Tao Chen, VP of Machine Learning at 500px and lead of the new AI Expert Group, gave a great overview of the latest developments in AI affecting the media industry. From practical developments, like removing backgrounds from stock images, detecting copyright infringement and assessing the commercial potential of images, to the dangers of face swapping apps and a potential future of completely generated images that feature no real human beings, we learned a lot about how AI affects us today and tomorrow. We are building up the AI Expert Group to become the place where media technologists can go to learn the latest on AI and Machine Learning issues, apply the latest techniques in the media industry, and share ideas with their peers. If you’re a member and not yet involved, please talk to Tao or Brendan to get started.
Next up, Brendan Quinn spoke about IPTC’s recent work with the Journalism Trust Initiative and The Trust Project, on mapping their “trust indicators” to IPTC standards (particularly NewsML-G2) so news providers can show how they comply with trust criteria. Look out for some announcements about this work in the next few weeks. Then Dave Compton of Refinitiv, lead of the News Architecture Working Group gave an update on recent work on NewsML-G2, including the trust and credibility work, a NewsML-G2 2.28 errata release fixing some small typo errors, updates to the NewsML-G2 Guidelines and the NewsML-G2 Specification documents, work on making local extensions to Media Topics, and future work, including looking at how to represent auto-generated content, and better alignment with ninjs (see Monday’s wrap-up post for more on our recent ninjs updates).

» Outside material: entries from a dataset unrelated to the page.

(* Let $N$ be a well-formed system (coherent and $\vdash N:\mathbf{ok}$) in the calculus with DFA entry policies. If $N\to N'$, then $N'$ is well-formed; in particular $\vdash N':\mathbf{ok}$.
   Context: Fix disjoint sets $\mathsf{Act}$ (actions) and $\mathsf{Loc}$ (localities). A policy is a minimal DFA $A=(S,\Sigma,s_0,F,\delta)$ with finite $\Sigma\subseteq\mathsf{Act}\cup\mathsf{Loc}$, $\emptyset\ne F\subseteq S$, $\delta:S\times\Sigma\to S$. $Acp_s(A)$ is the set of words in $\Sigma^*$ leading from $s$ to a final state, $Acp(A)=Acp_{s_0}(A)$, and $A_1\ \mathtt{enforces}\ A_2$ iff $Acp(A_1)\subseteq Acp(A_2)$. Agents: $P ::= \mathbf{nil} \mid a.P \mid \mathbf{go}_A\, l.P \mid P\,|\,Q \mid\ !P$. Concurrent regular expressions $e::=\epsilon\mid\alpha\mid e_1.e_2\mid e_1\odot e_2\mid e^{\otimes}$ with $lang(\epsilon)=\{\epsilon\}$, $lang(\alpha)=\{\alpha\}$, $lang(e_1.e_2)=\{x_1x_2: x_i\in lang(e_i)\}$, $lang(e_1\odot e_2)=\{x_1y_1\cdots x_ny_n : x_1\cdots x_n\in lang(e_1), y_1\cdots y_n\in lang(e_2)\}$ (components may be empty), $lang(e^\otimes)=\bigcup_{i\ge0}L^{\otimes i}$ with $L=lang(e)$, $L^{\otimes0}=\{\epsilon\}$, $L^{\otimes i}=L^{\otimes(i-1)}\odot L$. $\mathrm{CRE}(\mathbf{nil})=\epsilon$, $\mathrm{CRE}(a.P)=a.\mathrm{CRE}(P)$, $\mathrm{CRE}(\mathbf{go}_A\,l.P)=l$, $\mathrm{CRE}(P_1|P_2)=\mathrm{CRE}(P_1)\odot\mathrm{CRE}(P_2)$, $\mathrm{CRE}(!P)=\mathrm{CRE}(P)^\otimes$. $\vdash P:A$ iff $lang(\mathrm{CRE}(P))\subseteq Acp(A)$ and $\vdash Q:A'$ for every subterm $\mathbf{go}_{A'}\,l.Q$ of $P$. Systems: $N ::= \mathbf{0} \mid l[\![M \rhd P]\!] \mid N_1\parallel N_2$, site names pairwise distinct; membrane $M=(M_t,M_p)$, $M_t$ a partial function $\mathsf{Loc}\to\{\mathtt{loc},\mathtt{lgood},\mathtt{lbad}\}$, $M_p$ a policy. Structural equivalence: least congruence such that inside a site $|$ is commutative, associative with unit $\mathbf{nil}$, $l[\![M\rhd\ !P|Q]\!]\equiv l[\![M\rhd P|!P|Q]\!]$, and $\parallel$ commutative, associative with unit $\mathbf{0}$. Reduction: (act) $l[\![M\rhd a.P|Q]\!]\to l[\![M\rhd P|Q]\!]$; (par) $N_1\to N_1'$ implies $N_1\parallel N_2\to N_1'\parallel N_2$; (struct) $N\equiv N_1\to N_1'\equiv N'$ implies $N\to N'$; (mig) $k[\![M^k\rhd\mathbf{go}_A\,l.P|Q]\!]\parallel l[\![M^l\rhd R]\!]\to k[\![M^k\rhd Q]\!]\parallel l[\![M^l\rhd P|R]\!]$ provided: if $M^l_t(k)=\mathtt{lgood}$ then $Acp(A)\subseteq Acp(M^l_p)$, else $\vdash P:M^l_p$. Trust order $<:$ reflexive with $\mathtt{loc}<:\mathtt{lbad}$, $\mathtt{loc}<:\mathtt{lgood}$; $k$ trustworthy iff $M^k_t(k)=\mathtt{lgood}$; $N$ coherent iff for every trustworthy $k$ and site $l$ with $M^k_t(l)$ defined, $M^k_t(l)<:M^l_t(l)$. A thread is an agent not of the form $P_1|P_2$. $\vdash N:\mathbf{ok}$: $\vdash\mathbf{0}:\mathbf{ok}$; $\vdash N_1\parallel N_2:\mathbf{ok}$ if both are; $\vdash l[\![M\rhd P_1|\dots|P_n]\!]:\mathbf{ok}$ if $l$ is trustworthy and each $P_i$ is a thread such that there is a state $s$ of $M_p$ with $lang(\mathrm{CRE}(P_i))\subseteq Acp_s(M_p)$, and moreover $\vdash Q:A'$ for every subterm $\mathbf{go}_{A'}\,h.Q$ of $P_i$; $\vdash l[\![M\rhd P]\!]:\mathbf{ok}$ if $l$ not trustworthy. *)

theory Defs
  imports Main
begin

text \<open>Actions 'a and localities 'l are kept disjoint by a sum type.\<close>
datatype ('a, 'l) sym = SAct 'a | SLoc 'l

type_synonym ('a, 'l) word = "('a, 'l) sym list"

record ('a, 'l) dfa =
  states :: "nat set"
  alpha  :: "('a, 'l) sym set"
  init   :: nat
  final  :: "nat set"
  delta  :: "nat \<Rightarrow> ('a, 'l) sym \<Rightarrow> nat"

definition is_dfa :: "('a, 'l) dfa \<Rightarrow> bool" where
  "is_dfa A \<longleftrightarrow> finite (states A) \<and> finite (alpha A) \<and> init A \<in> states A
     \<and> final A \<noteq> {} \<and> final A \<subseteq> states A
     \<and> (\<forall>s\<in>states A. \<forall>x\<in>alpha A. delta A s x \<in> states A)"

definition Acp_from :: "('a, 'l) dfa \<Rightarrow> nat \<Rightarrow> ('a, 'l) word set" where
  "Acp_from A s = {w. w \<in> lists (alpha A) \<and> foldl (delta A) s w \<in> final A}"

After lunch, Pam Fisher of The Media Institute at University College London spoke about her project to build a read/write API that maps metadata between various video formats. We will link to a demo as soon as it is available. Pam also discussed “compact video signatures”, part of MPEG7, which are being used to make content fingerprints for video content, used for infringement detection and content matching.
Pam’s talk was very relevant to the next discussion by Michael Steidl, lead of the Video Metadata Working Group updating on recent progress. The Working Group has been looking at new video APIs and understanding how IPTC members and others are using video metadata in their work, either with or without IPTC Video Metadata Hub.
In the afternoon Michael Steidl presented again with an update on his work with W3C’s ODRL group which impacts on RightsML. Johan Lindgren presented in lieu of Paul Kelly, new Lead of the Sports Content Working Group, giving an update on the Working Groups efforts to interview IPTC members and others about their use of sports data and to position SportsML and our work on SportsJS in the context of the news and media industry.
Finally we bade farewell to Stuart Myles, outgoing Chair of IPTC. We presented Stuart with a small token of our thanks for chairing the Board of Directors of IPTC since 2014, and has been involved with IPTC as a delegate since 1999! We will definitely miss his contributions, intelligence, common sense and enthusiasm, and we hope to see him involved with IPTC again in the future in some way.